Gefühle und Emotionen

Manche Therapien unterscheiden streng zwischen Gefühlen und Emotionen. Laien auf diesem Gebiet können zur Zeit leicht herauszufinden, was der Unterschied ist. Dies dank Coronafußball.

Was sonst bei einer Fußballübertragung für den Zuschauer zu Hause unhörbar bleibt, dringt ihm neuerdings mit frenetischem Lärm ins Ohr. Die momentanen Übertragungen mobilisieren zwar ziemlich andere Gefühle als Fußballspiele mit Publikum, doch sie lassen den Laien problemlos den Unterschied zwischen den beiden Seelenregungen erkennen.

Wir hören laute Schreie der Spieler auf dem Feld, hören die Schreie der Spieler am Spielrand. Während sonst beim Fußball im Stadion fünfzigtausend brüllende Fans die Übertragungsmikrofone beanspruchen, hören wir jetzt nur die paar Hansel auf dem Feld und die letzten Mohikaner am Spielrand.

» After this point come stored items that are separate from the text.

(* Let $E$ be a finite set, $\mathcal{W}\subseteq\{+,-,0\}^E$ an affine oriented matroid, and $X,Y\in\mathcal{W}$ with $\underline{X}=\underline{Y}$, $X\neq -Y$ and $I(X,-Y)\cap\mathcal{W}=\emptyset$. Then $B(X,-Y)\cap\mathcal{W}=\emptyset$.
   Context: For $X\in\{+,-,0\}^E$: support $\underline{X}=\{e:X_e\neq0\}$; $(-X)_e=-X_e$; composition $(X\circ Y)_e=X_e$ if $X_e\neq0$, else $Y_e$; $S(X,Y)=\{e: X_e,Y_e\neq0, X_e\neq Y_e\}$. An oriented matroid on $F$ is $\mathcal{O}\subseteq\{+,-,0\}^F$ with: (O1) zero vector in $\mathcal{O}$; (O2) $X\in\mathcal{O}\Rightarrow -X\in\mathcal{O}$; (O3) $X,Y\in\mathcal{O}\Rightarrow X\circ Y\in\mathcal{O}$; (O4) if $X,Y\in\mathcal{O}$, $\underline{X}=\underline{Y}$, $e\in S(X,Y)$, there is $Z\in\mathcal{O}$ with $Z_e=0$ and $Z_f=(X\circ Y)_f=(Y\circ X)_f$ for all $f\notin S(X,Y)$. $\mathcal{W}\subseteq\{+,-,0\}^E$ is an affine oriented matroid if there exist $g\notin E$ and an oriented matroid $\mathcal{O}$ on $E\cup\{g\}$ with $\mathcal{W}=\{X|_E: X\in\mathcal{O}, X_g=+\}$. For $X,Y$ with $\underline{X}=\underline{Y}$ and $X\neq Y$: $I_e(X,Y)=\{V : \underline{V}\subseteq\underline{X}\setminus\{e\}, V_f=X_f\ \forall f\notin S(X,Y)\}$ for $e\in S(X,Y)$, $I(X,Y)=\bigcup_{e\in S(X,Y)}I_e(X,Y)$, and $B(X,Y)=\{V\in\{+,-,0\}^E: V\notin\{X,Y\}, \underline{V}=\underline{X}, V_f=X_f\ \forall f\notin S(X,Y)\}$. *)

theory Defs
  imports Main
begin

datatype sign = Pos | Neg | Zero

definition sv :: "'a set \<Rightarrow> ('a \<Rightarrow> sign) set" where
  "sv F = {X. \<forall>e. e \<notin> F \<longrightarrow> X e = Zero}"

definition supp :: "('a \<Rightarrow> sign) \<Rightarrow> 'a set" where
  "supp X = {e. X e \<noteq> Zero}"

fun sneg :: "sign \<Rightarrow> sign" where
  "sneg Pos = Neg" | "sneg Neg = Pos" | "sneg Zero = Zero"

definition vneg :: "('a \<Rightarrow> sign) \<Rightarrow> ('a \<Rightarrow> sign)" where
  "vneg X = (\<lambda>e. sneg (X e))"

definition svcomp :: "('a \<Rightarrow> sign) \<Rightarrow> ('a \<Rightarrow> sign) \<Rightarrow> ('a \<Rightarrow> sign)" where
  "svcomp X Y = (\<lambda>e. if X e \<noteq> Zero then X e else Y e)"

definition sep :: "('a \<Rightarrow> sign) \<Rightarrow> ('a \<Rightarrow> sign) \<Rightarrow> 'a set" where
  "sep X Y = {e. X e \<noteq> Zero \<and> Y e \<noteq> Zero \<and> X e \<noteq> Y e}"

definition oriented_matroid :: "'a set \<Rightarrow> ('a \<Rightarrow> sign) set \<Rightarrow> bool" where
  "oriented_matroid F Om \<longleftrightarrow>
     Om \<subseteq> sv F \<and>
     (\<lambda>_. Zero) \<in> Om \<and>
     (\<forall>X\<in>Om. vneg X \<in> Om) \<and>
     (\<forall>X\<in>Om. \<forall>Y\<in>Om. svcomp X Y \<in> Om) \<and>
     (\<forall>X\<in>Om. \<forall>Y\<in>Om. \<forall>e. supp X = supp Y \<and> e \<in> sep X Y \<longrightarrow>
        (\<exists>Z\<in>Om. Z e = Zero \<and>
           (\<forall>f. f \<notin> sep X Y \<longrightarrow> Z f = svcomp X Y f \<and> Z f = svcomp Y X f)))"

definition restr :: "'a set \<Rightarrow> ('a \<Rightarrow> sign) \<Rightarrow> ('a \<Rightarrow> sign)" where
  "restr E X = (\<lambda>e. if e \<in> E then X e else Zero)"

definition affine_oriented_matroid :: "'a set \<Rightarrow> ('a \<Rightarrow> sign) set \<Rightarrow> bool" where
  "affine_oriented_matroid E W \<longleftrightarrow>
     (\<exists>g Om. g \<notin> E \<and> oriented_matroid (insert g E) Om \<and>
        W = {restr E X | X. X \<in> Om \<and> X g = Pos})"

definition I_e :: "'a set \<Rightarrow> ('a \<Rightarrow> sign) \<Rightarrow> ('a \<Rightarrow> sign) \<Rightarrow> 'a \<Rightarrow> ('a \<Rightarrow> sign) set" where
  "I_e E X Y e = {V \<in> sv E. supp V \<subseteq> supp X - {e} \<and> (\<forall>f. f \<notin> sep X Y \<longrightarrow> V f = X f)}"

definition I_set :: "'a set \<Rightarrow> ('a \<Rightarrow> sign) \<Rightarrow> ('a \<Rightarrow> sign) \<Rightarrow> ('a \<Rightarrow> sign) set" where
  "I_set E X Y = (\<Union>e\<in>sep X Y. I_e E X Y e)"

definition B_set :: "'a set \<Rightarrow> ('a \<Rightarrow> sign) \<Rightarrow> ('a \<Rightarrow> sign) \<Rightarrow> ('a \<Rightarrow> sign) set" where
  "B_set E X Y = {V \<in> sv E. V \<notin> {X, Y} \<and> supp V = supp X \<and> (\<forall>f. f \<notin> sep X Y \<longrightarrow> V f = X f)}"

end

theory Submission
  imports Defs
begin

text \<open>If some \<open>V \<in> B(X,-Y)\<close> lay in \<open>\<W>\<close>, then \<open>V\<close> and \<open>X\<close> have the same support and differ at some
  \<open>e \<in> S(X,-Y)\<close>. Eliminating \<open>e\<close> between lifts of \<open>X\<close> and \<open>V\<close> in the oriented matroid
  \<open>\<O>\<close> on \<open>E \<union> {g}\<close> keeps the \<open>g\<close>-entry \<open>+\<close>, because \<open>g\<close> does not separate the lifts;
  so the result restricts to an element of \<open>\<W>\<close>, and it lies in \<open>I\<^sub>e(X,-Y)\<close>.\<close>

lemma sep_restr:
  "f \<in> E \<Longrightarrow> f \<in> sep (restr E X) (restr E Y) \<longleftrightarrow> f \<in> sep X Y"
  unfolding sep_def restr_def by simp

lemma svcomp_eq_if_supp_eq:
  assumes "supp X = supp Y" and "f \<notin> sep X Y"
  shows "svcomp X Y f = X f"
proof -
  have "X f = Zero \<longleftrightarrow> Y f = Zero"
    using assms(1) unfolding supp_def by blast
  then show ?thesis
    using assms(2) unfolding sep_def svcomp_def by auto
qed

lemma sep_subset_supp: "sep X Y \<subseteq> supp X"
  unfolding sep_def supp_def by blast

lemma oriented_matroid_elimination:
  assumes "oriented_matroid F Om" and "X \<in> Om" and "Y \<in> Om"
    and "supp X = supp Y" and "e \<in> sep X Y"
  obtains Z where "Z \<in> Om" and "Z e = Zero" and "\<And>f. f \<notin> sep X Y \<Longrightarrow> Z f = svcomp X Y f"
proof -
  have "\<exists>Z\<in>Om. Z e = Zero \<and> (\<forall>f. f \<notin> sep X Y \<longrightarrow> Z f = svcomp X Y f \<and> Z f = svcomp Y X f)"
    using assms unfolding oriented_matroid_def by blast
  then show thesis using that by blast
qed

lemma affine_oriented_matroid_subset_sv:
  "affine_oriented_matroid E W \<Longrightarrow> W \<subseteq> sv E"
  unfolding affine_oriented_matroid_def sv_def restr_def by auto

lemma supp_eq_if_restr_supp_eq:
  assumes "Xh \<in> sv (insert g E)" and "Vh \<in> sv (insert g E)"
    and "Xh g = Pos" and "Vh g = Pos"
    and "supp (restr E Xh) = supp (restr E Vh)"
  shows "supp Xh = supp Vh"
proof -
  have "Xh f = Zero \<longleftrightarrow> Vh f = Zero" for f
  proof -
    consider "f \<in> E" | "f = g" | "f \<notin> insert g E" by blast
    then show ?thesis
    proof cases
      case 1
      have "restr E Xh f = Zero \<longleftrightarrow> restr E Vh f = Zero"
        using assms(5) unfolding supp_def by blast
      with 1 show ?thesis unfolding restr_def by simp
    next
      case 2
      with assms(3,4) show ?thesis by simp
    next
      case 3
      with assms(1,2) show ?thesis unfolding sv_def by blast
    qed
  qed
  then show ?thesis unfolding supp_def by blast
qed

text \<open>For equal supports both compositions in (O4) agree with \<open>X\<close> off \<open>S(X,V)\<close>.\<close>

lemma affine_oriented_matroid_elimination:
  assumes aom: "affine_oriented_matroid E W"
    and "X \<in> W" and "V \<in> W"
    and supp_XV: "supp X = supp V"
    and e: "e \<in> sep X V"
  obtains Z where "Z \<in> W" and "Z e = Zero" and "\<And>f. f \<notin> sep X V \<Longrightarrow> Z f = X f"
proof -
  from aom obtain g Om where om: "oriented_matroid (insert g E) Om"
    and W_def: "W = {restr E X | X. X \<in> Om \<and> X g = Pos}"
    unfolding affine_oriented_matroid_def by blast
  obtain Xh where Xh: "Xh \<in> Om" "Xh g = Pos" and X_def: "X = restr E Xh"
    using \<open>X \<in> W\<close> W_def by blast
  obtain Vh where Vh: "Vh \<in> Om" "Vh g = Pos" and V_def: "V = restr E Vh"
    using \<open>V \<in> W\<close> W_def by blast
  have Om_sv: "Om \<subseteq> sv (insert g E)"
    using om unfolding oriented_matroid_def by blast
  then have "Xh \<in> sv (insert g E)" and "Vh \<in> sv (insert g E)"
    using Xh(1) Vh(1) by blast+
  then have supp_h: "supp Xh = supp Vh"
    using Xh(2) Vh(2) supp_XV unfolding X_def V_def by (rule supp_eq_if_restr_supp_eq)
  have "X e \<noteq> Zero"
    using e unfolding sep_def by blast
  then have "e \<in> E"
    unfolding X_def restr_def by (cases "e \<in> E") auto
  then have e_h: "e \<in> sep Xh Vh"
    using e sep_restr[of e E Xh Vh] unfolding X_def V_def by blast
  obtain Zh where Zh: "Zh \<in> Om" "Zh e = Zero"
    and Zh_off: "\<And>f. f \<notin> sep Xh Vh \<Longrightarrow> Zh f = svcomp Xh Vh f"
    using oriented_matroid_elimination[OF om Xh(1) Vh(1) supp_h e_h] by blast
  have "g \<notin> sep Xh Vh"
    using Xh(2) Vh(2) unfolding sep_def by simp
  then have "Zh g = Pos"
    using Zh_off Xh(2) unfolding svcomp_def by simp
  show thesis
  proof
    show "restr E Zh \<in> W" using W_def Zh(1) \<open>Zh g = Pos\<close> by blast
    show "restr E Zh e = Zero" using Zh(2) unfolding restr_def by simp
  next
    fix f assume f: "f \<notin> sep X V"
    show "restr E Zh f = X f"
    proof (cases "f \<in> E")
      case True
      with f have "f \<notin> sep Xh Vh"
        using sep_restr[of f E Xh Vh] unfolding X_def V_def by blast
      with True show ?thesis
        using Zh_off svcomp_eq_if_supp_eq[OF supp_h] unfolding X_def restr_def by simp
    next
      case False
      then show ?thesis unfolding X_def restr_def by simp
    qed
  qed
qed

lemma affine_oriented_matroid_I_e_of_B_set:
  assumes aom: "affine_oriented_matroid E W"
    and "X \<in> W" and "V \<in> W" and V: "V \<in> B_set E X Y"
  obtains e Z where "e \<in> sep X Y" and "Z \<in> W" and "Z \<in> I_e E X Y e"
proof -
  have "V \<noteq> X" and supp_V: "supp V = supp X" and agree: "\<And>f. f \<notin> sep X Y \<Longrightarrow> V f = X f"
    using V unfolding B_set_def by auto
  then obtain e where "V e \<noteq> X e" by blast
  then have "e \<in> sep X Y" using agree by blast
  have "X e \<noteq> Zero"
    using \<open>e \<in> sep X Y\<close> unfolding sep_def by blast
  moreover from this have "V e \<noteq> Zero"
    using supp_V unfolding supp_def by blast
  ultimately have "e \<in> sep X V"
    using \<open>V e \<noteq> X e\<close> unfolding sep_def by simp
  then obtain Z where "Z \<in> W" and Z_e: "Z e = Zero" and Z_off: "\<And>f. f \<notin> sep X V \<Longrightarrow> Z f = X f"
    using affine_oriented_matroid_elimination[OF aom \<open>X \<in> W\<close> \<open>V \<in> W\<close> supp_V[symmetric]] by blast
  have "supp Z \<subseteq> supp X - {e}"
  proof
    fix f assume "f \<in> supp Z"
    then have "Z f \<noteq> Zero" unfolding supp_def by blast
    then have "f \<in> supp X"
      using Z_off sep_subset_supp[of X V] unfolding supp_def by (cases "f \<in> sep X V") auto
    moreover have "f \<noteq> e" using Z_e \<open>Z f \<noteq> Zero\<close> by blast
    ultimately show "f \<in> supp X - {e}" by blast
  qed
  moreover have "Z f = X f" if "f \<notin> sep X Y" for f
  proof -
    have "f \<notin> sep X V"
      using agree[OF that] unfolding sep_def by simp
    then show ?thesis by (rule Z_off)
  qed
  moreover have "Z \<in> sv E"
    using affine_oriented_matroid_subset_sv[OF aom] \<open>Z \<in> W\<close> by blast
  ultimately have "Z \<in> I_e E X Y e"
    unfolding I_e_def by blast
  with \<open>e \<in> sep X Y\<close> \<open>Z \<in> W\<close> show thesis ..
qed

theorem lemma2p3:
  fixes E :: "'a set" and W :: "('a \<Rightarrow> sign) set" and X Y :: "'a \<Rightarrow> sign"
  assumes "finite E"
    and "affine_oriented_matroid E W"
    and "X \<in> W" and "Y \<in> W"
    and "supp X = supp Y"
    and "X \<noteq> vneg Y"
    and "I_set E X (vneg Y) \<inter> W = {}"
  shows "B_set E X (vneg Y) \<inter> W = {}"
proof (rule ccontr)
  assume "B_set E X (vneg Y) \<inter> W \<noteq> {}"
  then obtain V where "V \<in> B_set E X (vneg Y)" and "V \<in> W" by blast
  then obtain e Z where "e \<in> sep X (vneg Y)" "Z \<in> W" "Z \<in> I_e E X (vneg Y) e"
    using affine_oriented_matroid_I_e_of_B_set assms(2,3) by blast
  then have "Z \<in> I_set E X (vneg Y) \<inter> W"
    unfolding I_set_def by blast
  with assms(7) show False by blast
qed

end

Mach mal für einen Moment die Augen zu und halte die Ohren steif und Du hörst Emotionen in Reinkultur. Kein einziges Gefühl. Wer den teilweise verzweifelten, teilweise hochaggressiven, für die jeweiligen Stimmbänder durchgehend zu hohen und viel zu lauten Schreien den Ablauf eines Kriegsfilms unterlegen würde, könnte mit einem eindrucksvollen Resultat rechnen.

Während wir, um Emotionen und Gefühlen zu unterscheiden, sonst schwierige Bücher studieren müssen, kriegen wir den Unterschied bei den derzeitigen Fußballspielen in Reinkultur mit.

Und somit wäre schon wieder etwas Positives zu Corona gesagt. Warum also klagen?